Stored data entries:
★ ★ ★ ★
lemma ncycles_Un_disjoint:
  assumes "finite A" "finite B" "A \<inter> B = {}" "\<forall>x\<in>A. f x \<in> A" "\<forall>x\<in>B. f x \<in> B"
  shows "ncycles f (A \<union> B) = ncycles f A + ncycles f B"
proof -
  have "orb f x \<noteq> orb f y" if "x \<in> A" "y \<in> B" for x y
    using orb_refl[of x f] orb_subset[OF assms(5) \<open>y \<in> B\<close>] assms(3) that(1) by blast
  then have "orb f ` A \<inter> orb f ` B = {}"
    by blast
  then show ?thesis
    unfolding ncycles_def image_Un using assms(1,2) by (simp add: card_Un_disjoint)
qed

lemma fpf_involution_iff:
  "fpf_involution f S \<longleftrightarrow>
     (\<forall>x\<in>S. f x \<in> S \<and> f (f x) = x \<and> f x \<noteq> x) \<and> (\<forall>x. x \<notin> S \<longrightarrow> f x = x)"
proof
  assume "fpf_involution f S"
  then show "(\<forall>x\<in>S. f x \<in> S \<and> f (f x) = x \<and> f x \<noteq> x) \<and> (\<forall>x. x \<notin> S \<longrightarrow> f x = x)"
    unfolding fpf_involution_def using permutes_in_image[of f S] permutes_not_in[of f S] by blast
next
  assume inv: "(\<forall>x\<in>S. f x \<in> S \<and> f (f x) = x \<and> f x \<noteq> x) \<and> (\<forall>x. x \<notin> S \<longrightarrow> f x = x)"
  have "bij_betw f S S"
    by (rule bij_betw_byWitness[where f' = f]) (use inv in auto)
  then have "f permutes S"
    using inv by (simp add: bij_imp_permutes)
  then show "fpf_involution f S"
    using inv unfolding fpf_involution_def by blast
qed

lemma inv_fpf_involution:
  assumes "fpf_involution f S"
  shows "inv f = f"
proof -
  have "f (f x) = x" for x
    using assms unfolding fpf_involution_iff by (cases "x \<in> S") auto
  then have "f \<circ> f = id"
    by auto
  then show ?thesis
    using inv_unique_comp by blast
qed

lemma permutes_of_inj_on:
  assumes "finite S" "\<forall>x\<in>S. f x \<in> S" "inj_on f S" "\<forall>x. x \<notin> S \<longrightarrow> f x = x"
  shows "f permutes S"
proof (rule bij_imp_permutes)
  show "bij_betw f S S"
    using endo_inj_surj[OF assms(1) _ assms(3)] assms(2,3) by (auto simp: bij_betw_def)
qed (use assms(4) in blast)

lemma inj_finite_enter_exit:
  assumes "inj f" "finite A" "x \<notin> A" "f x \<in> A"
  shows "\<exists>a\<in>A. f a \<notin> A"
proof (rule ccontr)
  assume "\<not> (\<exists>a\<in>A. f a \<notin> A)"
  then have "f ` A = A"
    using endo_inj_surj[OF assms(2)] inj_on_subset[OF assms(1)] by blast
  then obtain a where "a \<in> A" "f a = f x"
    using assms(4) by (metis imageE)
  then show False
    using assms(1,3) by (metis injD)
qed

lemma permutes_pmset_sign_change_iff:
  assumes "f permutes pmset m"
  shows "(\<exists>a\<in>posset m. f a \<in> negset m) \<longleftrightarrow> (\<exists>y\<in>pmset m. (0 < y) \<noteq> (0 < f y))"
proof
  assume "\<exists>a\<in>posset m. f a \<in> negset m"
  then obtain a where "a \<in> posset m" "f a \<in> negset m"
    by blast
  then show "\<exists>y\<in>pmset m. (0 < y) \<noteq> (0 < f y)"
    by (intro bexI[of _ a]) (auto simp: pmset_def mem_posset mem_negset)
next
  assume "\<exists>y\<in>pmset m. (0 < y) \<noteq> (0 < f y)"
  then obtain y where y: "y \<in> pmset m" "(0 < y) \<noteq> (0 < f y)"
    by blast
  have f_in: "f x \<in> pmset m" if "x \<in> pmset m" for x
    using that permutes_in_image[OF assms] by blast
  obtain a where "a \<in> posset m" "f a \<notin> posset m"
  proof (cases "0 < y")
    case True
    then show ?thesis
      using that y posset_iff_pos f_in by blast
  next
    case False
    then have "y \<notin> posset m" "f y \<in> posset m"
      using y posset_iff_pos f_in by blast+
    then show ?thesis
      using that inj_finite_enter_exit[OF permutes_inj[OF assms] finite_posset] by blast
  qed
  moreover have "a \<in> pmset m"
    using \<open>a \<in> posset m\<close> by (simp add: pmset_def)
  ultimately show "\<exists>a\<in>posset m. f a \<in> negset m"
    using f_in unfolding pmset_def by blast
qed

subsection \<open>Bipartite matchings of [2n] and permutations of [n]\<close>

lemma odd_posset_double: "{x \<in> posset (2*n). odd x} = (\<lambda>i. 2*i - 1) ` posset n"
proof -
  have "x \<in> (\<lambda>i. 2*i - 1) ` posset n" if "x \<in> posset (2*n)" "odd x" for x
  proof -
    obtain k where "x = 2*k + 1"
      using \<open>odd x\<close> by (rule oddE)
    then show ?thesis
      using that(1) by (intro image_eqI[of _ _ "k + 1"]) (auto simp: mem_posset)
  qed
  then show ?thesis
    by (auto simp: mem_posset)
qed

lemma even_posset_double: "{x \<in> posset (2*n). even x} = (\<lambda>i. 2*i) ` posset n"
proof -
  have "x \<in> (\<lambda>i. 2*i) ` posset n" if "x \<in> posset (2*n)" "even x" for x
  proof -
    obtain k where "x = 2*k"
      using \<open>even x\<close> by (rule evenE)
    then show ?thesis
      using that(1) by (intro image_eqI[of _ _ k]) (auto simp: mem_posset)
  qed
  then show ?thesis
    by (auto simp: mem_posset)
qed

lemma double_in_posset:
  "i \<in> posset n \<Longrightarrow> 2*i \<in> posset (2*n)"
  "i \<in> posset n \<Longrightarrow> 2*i - 1 \<in> posset (2*n)"
  by (simp_all add: mem_posset)

lemma posset_double_cases:
  assumes "x \<in> posset (2*n)"
  obtains (even) i where "i \<in> posset n" "x = 2*i"
        | (odd) i where "i \<in> posset n" "x = 2*i - 1"
  using assms odd_posset_double[of n] even_posset_double[of n] by blast

definition parity_matchings :: "nat \<Rightarrow> (int \<Rightarrow> int) set" where
  "parity_matchings n =
     {\<pi>. fpf_involution \<pi> (posset (2*n)) \<and> (\<forall>a\<in>posset (2*n). even a \<longrightarrow> odd (\<pi> a))}"

definition matching_perm :: "nat \<Rightarrow> (int \<Rightarrow> int) \<Rightarrow> int \<Rightarrow> int" where
  "matching_perm n \<pi> = (\<lambda>i. if i \<in> posset n then (\<pi> (2*i) + 1) div 2 else i)"

definition perm_matching :: "nat \<Rightarrow> (int \<Rightarrow> int) \<Rightarrow> int \<Rightarrow> int" where
  "perm_matching n \<rho> = (\<lambda>x. if x \<in> posset (2*n) then
       if even x then 2 * \<rho> (x div 2) - 1 else 2 * inv \<rho> ((x + 1) div 2)
     else x)"

lemma perm_matching_even: "i \<in> posset n \<Longrightarrow> perm_matching n \<rho> (2*i) = 2 * \<rho> i - 1"
  by (simp add: perm_matching_def double_in_posset)

lemma perm_matching_odd: "i \<in> posset n \<Longrightarrow> perm_matching n \<rho> (2*i - 1) = 2 * inv \<rho> i"
  by (simp add: perm_matching_def double_in_posset)

lemma perm_matching_outside: "x \<notin> posset (2*n) \<Longrightarrow> perm_matching n \<rho> x = x"
  by (simp add: perm_matching_def)

lemma long_cycle_double:
  "i \<in> posset n \<Longrightarrow> long_cycle (2*n) (2*i - 1) = 2*i"
  "i \<in> posset n \<Longrightarrow> long_cycle (2*n) (2*i) = 2 * long_cycle n i - 1"
  "i \<in> posset n \<Longrightarrow> long_cycle n i \<in> posset n"
  by (auto simp: long_cycle_eq mem_posset)

context
  fixes n :: nat and \<pi> :: "int \<Rightarrow> int"
  assumes matching: "\<pi> \<in> parity_matchings n"
begin

lemma parity_matchingD:
  "x \<in> posset (2*n) \<Longrightarrow> \<pi> x \<in> posset (2*n)"
  "x \<in> posset (2*n) \<Longrightarrow> \<pi> (\<pi> x) = x"
  "x \<in> posset (2*n) \<Longrightarrow> even x \<Longrightarrow> odd (\<pi> x)"
  "x \<notin> posset (2*n) \<Longrightarrow> \<pi> x = x"
  using matching unfolding parity_matchings_def fpf_involution_iff by blast+

lemma matching_perm_even:
  assumes "i \<in> posset n"
  shows "matching_perm n \<pi> i \<in> posset n" "\<pi> (2*i) = 2 * matching_perm n \<pi> i - 1"
proof -
  have "\<pi> (2*i) \<in> {x \<in> posset (2*n). odd x}"
    using parity_matchingD(1,3) double_in_posset(1)[OF assms] by simp
  then obtain j where "j \<in> posset n" "\<pi> (2*i) = 2*j - 1"
    unfolding odd_posset_double by blast
  then show "matching_perm n \<pi> i \<in> posset n" "\<pi> (2*i) = 2 * matching_perm n \<pi> i - 1"
    using assms by (simp_all add: matching_perm_def)
qed

lemma matching_perm_permutes: "matching_perm n \<pi> permutes posset n"
proof (rule permutes_of_inj_on)
  show "inj_on (matching_perm n \<pi>) (posset n)"
  proof (rule inj_onI)
    fix i j
    assume "i \<in> posset n" "j \<in> posset n" "matching_perm n \<pi> i = matching_perm n \<pi> j"
    then have "\<pi> (\<pi> (2*i)) = \<pi> (\<pi> (2*j))"
      using matching_perm_even by metis
    then show "i = j"
      using \<open>i \<in> posset n\<close> \<open>j \<in> posset n\<close> parity_matchingD(2) double_in_posset(1)
      by simp
  qed
  show "\<forall>i\<in>posset n. matching_perm n \<pi> i \<in> posset n"
    using matching_perm_even(1) by blast
qed (simp_all add: posset_def matching_perm_def)

lemma inv_matching_perm_in: "j \<in> posset n \<Longrightarrow> inv (matching_perm n \<pi>) j \<in> posset n"
  by (simp only: permutes_in_image[OF permutes_inv[OF matching_perm_permutes]])

lemma matching_perm_odd:
  assumes "j \<in> posset n"
  shows "\<pi> (2*j - 1) = 2 * inv (matching_perm n \<pi>) j"
proof -
  define m where "m = inv (matching_perm n \<pi>) j"
  have "m \<in> posset n" "matching_perm n \<pi> m = j"
    unfolding m_def using assms inv_matching_perm_in
    by (simp_all add: permutes_inverses(1)[OF matching_perm_permutes])
  then have "\<pi> (2*j - 1) = \<pi> (\<pi> (2*m))"
    using matching_perm_even(2) by metis
  then show ?thesis
    using parity_matchingD(2)[OF double_in_posset(1)[OF \<open>m \<in> posset n\<close>]] m_def by simp
qed

lemma ncycles_matching_odds:
  "ncycles (\<pi> \<circ> long_cycle (2*n)) {x \<in> posset (2*n). odd x} = ncycles (matching_perm n \<pi>) (posset n)"
  unfolding odd_posset_double
  by (rule ncycles_image_semiconj) (auto simp: inj_on_def long_cycle_double matching_perm_even)

lemma ncycles_matching_evens:
  "ncycles (\<pi> \<circ> long_cycle (2*n)) {x \<in> posset (2*n). even x}
     = ncycles (inv (matching_perm n \<pi>) \<circ> long_cycle n) (posset n)"
  unfolding even_posset_double
  by (rule ncycles_image_semiconj)
    (auto simp: inj_on_def long_cycle_double matching_perm_odd inv_matching_perm_in)

lemma ncycles_matching:
  "ncycles (\<pi> \<circ> long_cycle (2*n)) (posset (2*n))
     = ncycles (matching_perm n \<pi>) (posset n) + ncycles (inv (matching_perm n \<pi>) \<circ> long_cycle n) (posset n)"
proof -
  let ?odds = "{x \<in> posset (2*n). odd x}" and ?evens = "{x \<in> posset (2*n). even x}"
  have "ncycles (\<pi> \<circ> long_cycle (2*n)) (?odds \<union> ?evens)
      = ncycles (\<pi> \<circ> long_cycle (2*n)) ?odds + ncycles (\<pi> \<circ> long_cycle (2*n)) ?evens"
  proof (rule ncycles_Un_disjoint)
    show "\<forall>x\<in>?odds. (\<pi> \<circ> long_cycle (2*n)) x \<in> ?odds"
      unfolding odd_posset_double by (auto simp: long_cycle_double matching_perm_even)
    show "\<forall>x\<in>?evens. (\<pi> \<circ> long_cycle (2*n)) x \<in> ?evens"
      unfolding even_posset_double
      by (auto simp: long_cycle_double matching_perm_odd inv_matching_perm_in)
  qed (auto intro: rev_finite_subset[OF finite_posset])
  moreover have "?odds \<union> ?evens = posset (2*n)"
    by auto
  ultimately show ?thesis
    by (simp add: ncycles_matching_odds ncycles_matching_evens)
qed

lemma perm_matching_matching_perm: "perm_matching n (matching_perm n \<pi>) = \<pi>"
proof
  fix x
  show "perm_matching n (matching_perm n \<pi>) x = \<pi> x"
  proof (cases "x \<in> posset (2*n)")
    case True
    then show ?thesis
      by (cases rule: posset_double_cases)
        (simp_all add: perm_matching_even perm_matching_odd matching_perm_even matching_perm_odd)
  qed (simp add: perm_matching_outside parity_matchingD(4))
qed

end

context
  fixes n :: nat and \<rho> :: "int \<Rightarrow> int"
  assumes perm: "\<rho> permutes posset n"
begin
lemma sign_kernel_form_diagonal:
  "(\<Sum>j<n. cnj (z j) * (\<Sum>l<n. (- \<i> * of_real (sign_kernel j l)) * z l))
     = of_real (\<Sum>k<n. cot ((2 * real k + 1) * pi / (2 * real n)) * (cmod (odd_dft n z k))\<^sup>2 / real n)"
proof -
  define c where "c = odd_dft n z"
  define mu where "mu k = cot ((2 * real k + 1) * pi / (2 * real n))" for k
  have summand: "c k / of_nat n * of_real (mu k) * cnj (c k) = of_real (mu k * (cmod (c k))\<^sup>2 / real n)" for k
  proof -
    have "of_real (mu k * (cmod (c k))\<^sup>2 / real n) = of_real (mu k) * (c k * cnj (c k)) / of_nat n"
      by (simp only: of_real_mult of_real_divide of_real_of_nat_eq complex_norm_square)
    thus ?thesis by (simp add: field_simps) metis
  qed
  have "(\<Sum>j<n. cnj (z j) * (\<Sum>l<n. (- \<i> * of_real (sign_kernel j l)) * z l))
      = (\<Sum>j<n. cnj (z j) * (\<Sum>k<n. c k / of_nat n * of_real (mu k) * odd_root n k ^ j))"
    unfolding c_def mu_def by (intro sum.cong refl) (simp only: sign_kernel_apply lessThan_iff)
  also have "\<dots> = (\<Sum>k<n. c k / of_nat n * of_real (mu k) * cnj (c k))"
    unfolding c_def by (rule odd_dft_pairing)
  also have "\<dots> = of_real (\<Sum>k<n. mu k * (cmod (c k))\<^sup>2 / real n)"
    by (simp only: summand of_real_sum)
  finally show ?thesis unfolding c_def mu_def .
qed

lemma sign_kernel_form_bound:
  fixes z :: "nat \<Rightarrow> complex"
  assumes n: "n > 0"
  shows "(\<Sum>j<n. \<Sum>l<n. sign_kernel j l * Im (cnj (z j) * z l))
       \<le> cot (pi / (2 * real n)) * (\<Sum>j<n. (cmod (z j))\<^sup>2)"
proof -
  have "(\<Sum>j<n. \<Sum>l<n. sign_kernel j l * Im (cnj (z j) * z l))
      = Re (\<Sum>j<n. cnj (z j) * (\<Sum>l<n. (- \<i> * of_real (sign_kernel j l)) * z l))"
    by (simp add: Re_sum sum_distrib_left mult_ac right_diff_distrib)
  also have "\<dots> = (\<Sum>k<n. cot ((2 * real k + 1) * pi / (2 * real n)) * (cmod (odd_dft n z k))\<^sup>2 / real n)"
    unfolding sign_kernel_form_diagonal by (rule Re_complex_of_real)
  also have "\<dots> \<le> (\<Sum>k<n. cot (pi / (2 * real n)) * (cmod (odd_dft n z k))\<^sup>2 / real n)"
    by (intro divide_right_mono sum_mono mult_right_mono) (auto simp: cot_odd_root_le)
  also have "\<dots> = cot (pi / (2 * real n)) * (\<Sum>j<n. (cmod (z j))\<^sup>2)"
    by (subst odd_dft_parseval[where n = n and z = z]) (simp add: sum_distrib_left sum_divide_distrib)
  finally show ?thesis .
qed

text \<open>To bound the sum of all |Im (cnj (x i) * x l)|, replace each entry by the
  representative of \<plusminus>x i in the half-open upper half-plane and sort the entries by
  argument; then every |Im| becomes sign_kernel times Im.\<close>
definition upper_rep :: "complex \<Rightarrow> complex" where
  "upper_rep a = (if Im a > 0 \<or> (Im a = 0 \<and> Re a \<ge> 0) then a else - a)"

lemma upper_rep_cases: "upper_rep a = a \<or> upper_rep a = - a"
  unfolding upper_rep_def by auto

lemma upper_rep_abs_Im: "\<bar>Im (cnj (upper_rep a) * upper_rep b)\<bar> = \<bar>Im (cnj a * b)\<bar>"
  using upper_rep_cases[of a] upper_rep_cases[of b] by auto

lemma upper_rep_cmod: "cmod (upper_rep a) = cmod a"
  using upper_rep_cases[of a] by auto

lemma upper_rep_Arg:
  assumes "upper_rep a \<noteq> 0"
  shows "0 \<le> Arg (upper_rep a) \<and> Arg (upper_rep a) < pi"
proof -
  let ?b = "upper_rep a"
  have up: "Im ?b > 0 \<or> (Im ?b = 0 \<and> Re ?b \<ge> 0)" unfolding upper_rep_def by auto
  have "Arg ?b \<noteq> pi"
  proof
    assume "Arg ?b = pi"
    hence "Re ?b / cmod ?b = -1" "Im ?b / cmod ?b = 0"
      using cos_Arg[OF assms] sin_Arg[OF assms] by simp_all
    thus False using up assms by (auto simp: field_simps)
  qed
  moreover have "0 \<le> Arg ?b" using up assms by (intro Arg_nonneg_of_Im_nonneg) auto
  ultimately show ?thesis using Arg_bounded[of ?b] by simp
qed

lemma Im_cnj_mult_nonneg_of_Arg_le:
  assumes a: "a = 0 \<or> (0 \<le> Arg a \<and> Arg a < pi)" and b: "b = 0 \<or> (0 \<le> Arg b \<and> Arg b < pi)"
    and le: "Arg a \<le> Arg b"
  shows "Im (cnj a * b) \<ge> 0"
proof (cases "a = 0 \<or> b = 0")
  case False
  hence "sin (Arg b - Arg a) \<ge> 0" using a b le by (intro sin_ge_zero) auto
  thus ?thesis using Im_cnj_mult_polar[of a b] False by simp
qed auto

lemma sorted_abs_Im:
  fixes z :: "nat \<Rightarrow> complex"
  assumes up: "\<And>k. z k = 0 \<or> (0 \<le> Arg (z k) \<and> Arg (z k) < pi)"
    and sorted: "\<And>k k'. k \<le> k' \<Longrightarrow> k' < n \<Longrightarrow> Arg (z k) \<le> Arg (z k')"
    and k: "k < n" "k' < n"
  shows "\<bar>Im (cnj (z k) * z k')\<bar> = sign_kernel k k' * Im (cnj (z k) * z k')"
proof (cases k k' rule: linorder_cases)
  case less
  hence "Im (cnj (z k) * z k') \<ge> 0"
    using up sorted k by (intro Im_cnj_mult_nonneg_of_Arg_le) auto
  thus ?thesis using less by (simp add: sign_kernel_def)
next
  case greater
  hence "Im (cnj (z k') * z k) \<ge> 0"
    using up sorted k by (intro Im_cnj_mult_nonneg_of_Arg_le) auto
  moreover have "Im (cnj (z k') * z k) = - Im (cnj (z k) * z k')" by simp
  ultimately have "Im (cnj (z k) * z k') \<le> 0" by linarith
  moreover have "sign_kernel k k' = -1" using greater by (simp add: sign_kernel_def)
  ultimately show ?thesis by simp
qed (simp add: sign_kernel_def)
★ ★ ★ ★
Exercise directions
Provide only the count of lines in the records above that hold the word "finally".

Exercise solution
2